### [Work instruction]
Look through the data below and show every line that includes "also".

### [Dataset]
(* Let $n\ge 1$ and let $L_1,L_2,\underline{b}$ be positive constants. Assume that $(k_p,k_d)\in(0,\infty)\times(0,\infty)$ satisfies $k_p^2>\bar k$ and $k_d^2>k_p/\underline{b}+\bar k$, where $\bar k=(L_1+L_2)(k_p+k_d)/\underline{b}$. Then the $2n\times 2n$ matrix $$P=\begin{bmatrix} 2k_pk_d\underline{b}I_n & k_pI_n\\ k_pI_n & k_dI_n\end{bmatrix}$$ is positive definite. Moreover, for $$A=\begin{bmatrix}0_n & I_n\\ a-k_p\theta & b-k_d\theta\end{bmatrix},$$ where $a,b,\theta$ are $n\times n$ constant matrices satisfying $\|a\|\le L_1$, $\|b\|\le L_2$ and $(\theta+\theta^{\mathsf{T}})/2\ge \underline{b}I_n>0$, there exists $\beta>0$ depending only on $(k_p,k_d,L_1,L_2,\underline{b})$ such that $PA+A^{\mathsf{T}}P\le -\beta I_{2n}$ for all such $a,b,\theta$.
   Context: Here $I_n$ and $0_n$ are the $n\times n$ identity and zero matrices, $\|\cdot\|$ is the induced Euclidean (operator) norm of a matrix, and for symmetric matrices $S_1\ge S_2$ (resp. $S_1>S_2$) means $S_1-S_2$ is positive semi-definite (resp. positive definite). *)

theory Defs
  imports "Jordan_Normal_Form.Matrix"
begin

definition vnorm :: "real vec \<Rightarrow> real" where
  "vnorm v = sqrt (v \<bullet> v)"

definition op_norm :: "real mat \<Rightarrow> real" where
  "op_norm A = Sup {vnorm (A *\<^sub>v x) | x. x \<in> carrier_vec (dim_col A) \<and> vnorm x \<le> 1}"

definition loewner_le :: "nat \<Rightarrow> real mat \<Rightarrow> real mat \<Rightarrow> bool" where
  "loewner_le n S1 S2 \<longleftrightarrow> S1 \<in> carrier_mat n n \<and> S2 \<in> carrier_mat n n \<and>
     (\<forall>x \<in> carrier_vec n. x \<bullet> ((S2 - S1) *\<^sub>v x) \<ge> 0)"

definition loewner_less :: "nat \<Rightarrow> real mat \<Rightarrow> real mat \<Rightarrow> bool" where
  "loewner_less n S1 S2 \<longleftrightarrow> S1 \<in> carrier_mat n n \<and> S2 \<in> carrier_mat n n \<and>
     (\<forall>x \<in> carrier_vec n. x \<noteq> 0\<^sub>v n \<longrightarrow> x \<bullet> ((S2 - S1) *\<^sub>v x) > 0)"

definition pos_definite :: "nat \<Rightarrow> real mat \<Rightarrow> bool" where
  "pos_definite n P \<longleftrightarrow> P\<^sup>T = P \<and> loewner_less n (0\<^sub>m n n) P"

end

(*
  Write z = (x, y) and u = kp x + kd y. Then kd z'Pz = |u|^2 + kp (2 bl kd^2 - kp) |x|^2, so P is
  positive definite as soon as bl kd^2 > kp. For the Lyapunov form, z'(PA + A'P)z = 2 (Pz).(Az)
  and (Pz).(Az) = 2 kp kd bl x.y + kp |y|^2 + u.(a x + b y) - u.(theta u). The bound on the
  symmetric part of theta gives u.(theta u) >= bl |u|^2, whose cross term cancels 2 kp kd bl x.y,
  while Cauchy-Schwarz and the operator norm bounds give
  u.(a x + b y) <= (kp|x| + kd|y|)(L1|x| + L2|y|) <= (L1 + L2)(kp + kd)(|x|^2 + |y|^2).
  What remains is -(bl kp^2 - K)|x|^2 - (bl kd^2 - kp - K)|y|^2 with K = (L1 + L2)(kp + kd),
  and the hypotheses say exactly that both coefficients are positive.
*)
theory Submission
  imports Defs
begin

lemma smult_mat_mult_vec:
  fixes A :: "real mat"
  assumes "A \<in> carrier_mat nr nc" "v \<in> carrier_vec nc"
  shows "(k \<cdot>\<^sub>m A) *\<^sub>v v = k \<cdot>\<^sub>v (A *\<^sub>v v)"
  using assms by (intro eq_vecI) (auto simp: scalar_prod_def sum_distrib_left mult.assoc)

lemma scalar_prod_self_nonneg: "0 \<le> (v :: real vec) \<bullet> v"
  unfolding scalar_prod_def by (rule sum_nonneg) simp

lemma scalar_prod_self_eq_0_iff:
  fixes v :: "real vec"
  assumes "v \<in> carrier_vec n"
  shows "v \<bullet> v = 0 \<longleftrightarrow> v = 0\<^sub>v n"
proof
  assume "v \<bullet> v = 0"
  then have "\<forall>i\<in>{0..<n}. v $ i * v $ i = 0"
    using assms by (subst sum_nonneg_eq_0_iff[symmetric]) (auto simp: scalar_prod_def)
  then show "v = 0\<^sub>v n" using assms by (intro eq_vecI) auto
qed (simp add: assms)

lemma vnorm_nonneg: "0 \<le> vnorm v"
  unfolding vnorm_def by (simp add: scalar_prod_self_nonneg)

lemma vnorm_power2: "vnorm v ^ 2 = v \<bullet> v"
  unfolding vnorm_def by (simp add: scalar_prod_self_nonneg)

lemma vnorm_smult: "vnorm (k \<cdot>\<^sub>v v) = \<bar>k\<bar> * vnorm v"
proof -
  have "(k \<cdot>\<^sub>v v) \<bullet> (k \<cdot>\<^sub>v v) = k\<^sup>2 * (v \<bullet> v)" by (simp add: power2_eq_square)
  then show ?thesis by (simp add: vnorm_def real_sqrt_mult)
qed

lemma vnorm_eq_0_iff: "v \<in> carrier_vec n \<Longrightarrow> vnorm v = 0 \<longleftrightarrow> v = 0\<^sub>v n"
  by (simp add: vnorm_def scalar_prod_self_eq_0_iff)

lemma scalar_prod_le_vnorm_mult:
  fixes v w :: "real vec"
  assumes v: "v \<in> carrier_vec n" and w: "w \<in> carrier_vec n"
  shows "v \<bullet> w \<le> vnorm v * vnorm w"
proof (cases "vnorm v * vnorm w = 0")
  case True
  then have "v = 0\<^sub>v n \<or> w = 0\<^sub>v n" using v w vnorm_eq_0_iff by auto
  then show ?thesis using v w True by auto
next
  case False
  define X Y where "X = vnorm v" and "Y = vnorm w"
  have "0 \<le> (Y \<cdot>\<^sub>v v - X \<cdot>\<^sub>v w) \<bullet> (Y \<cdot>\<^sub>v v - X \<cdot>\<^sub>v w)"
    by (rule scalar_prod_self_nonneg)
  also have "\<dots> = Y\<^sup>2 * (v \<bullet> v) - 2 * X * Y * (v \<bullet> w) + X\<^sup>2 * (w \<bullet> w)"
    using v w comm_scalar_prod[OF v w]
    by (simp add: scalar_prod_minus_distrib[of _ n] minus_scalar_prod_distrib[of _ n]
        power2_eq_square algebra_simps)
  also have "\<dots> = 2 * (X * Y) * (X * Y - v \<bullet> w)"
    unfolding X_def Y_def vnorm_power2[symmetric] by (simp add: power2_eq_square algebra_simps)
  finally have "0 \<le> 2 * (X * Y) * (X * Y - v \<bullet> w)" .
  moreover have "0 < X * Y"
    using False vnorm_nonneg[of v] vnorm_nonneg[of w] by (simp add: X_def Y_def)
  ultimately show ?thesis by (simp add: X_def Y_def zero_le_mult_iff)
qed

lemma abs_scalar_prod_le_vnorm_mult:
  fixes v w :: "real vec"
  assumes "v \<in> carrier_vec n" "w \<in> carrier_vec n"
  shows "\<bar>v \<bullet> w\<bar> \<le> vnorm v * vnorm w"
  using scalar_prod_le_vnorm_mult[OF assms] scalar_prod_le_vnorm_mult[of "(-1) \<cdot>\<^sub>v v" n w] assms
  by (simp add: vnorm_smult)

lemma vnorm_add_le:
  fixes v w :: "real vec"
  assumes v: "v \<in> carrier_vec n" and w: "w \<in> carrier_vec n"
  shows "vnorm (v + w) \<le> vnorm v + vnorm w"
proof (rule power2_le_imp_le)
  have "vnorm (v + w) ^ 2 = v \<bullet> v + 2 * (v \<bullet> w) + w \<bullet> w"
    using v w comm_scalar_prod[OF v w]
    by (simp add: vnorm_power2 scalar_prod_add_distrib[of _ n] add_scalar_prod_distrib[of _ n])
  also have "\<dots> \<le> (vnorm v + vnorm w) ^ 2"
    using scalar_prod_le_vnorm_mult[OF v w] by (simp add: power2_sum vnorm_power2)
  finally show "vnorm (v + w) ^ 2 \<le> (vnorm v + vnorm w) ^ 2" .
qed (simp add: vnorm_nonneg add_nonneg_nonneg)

### [Response]
  also have "\<dots> = Y\<^sup>2 * (v \<bullet> v) - 2 * X * Y * (v \<bullet> w) + X\<^sup>2 * (w \<bullet> w)"
  also have "\<dots> = 2 * (X * Y) * (X * Y - v \<bullet> w)"
  also have "\<dots> \<le> (vnorm v + vnorm w) ^ 2"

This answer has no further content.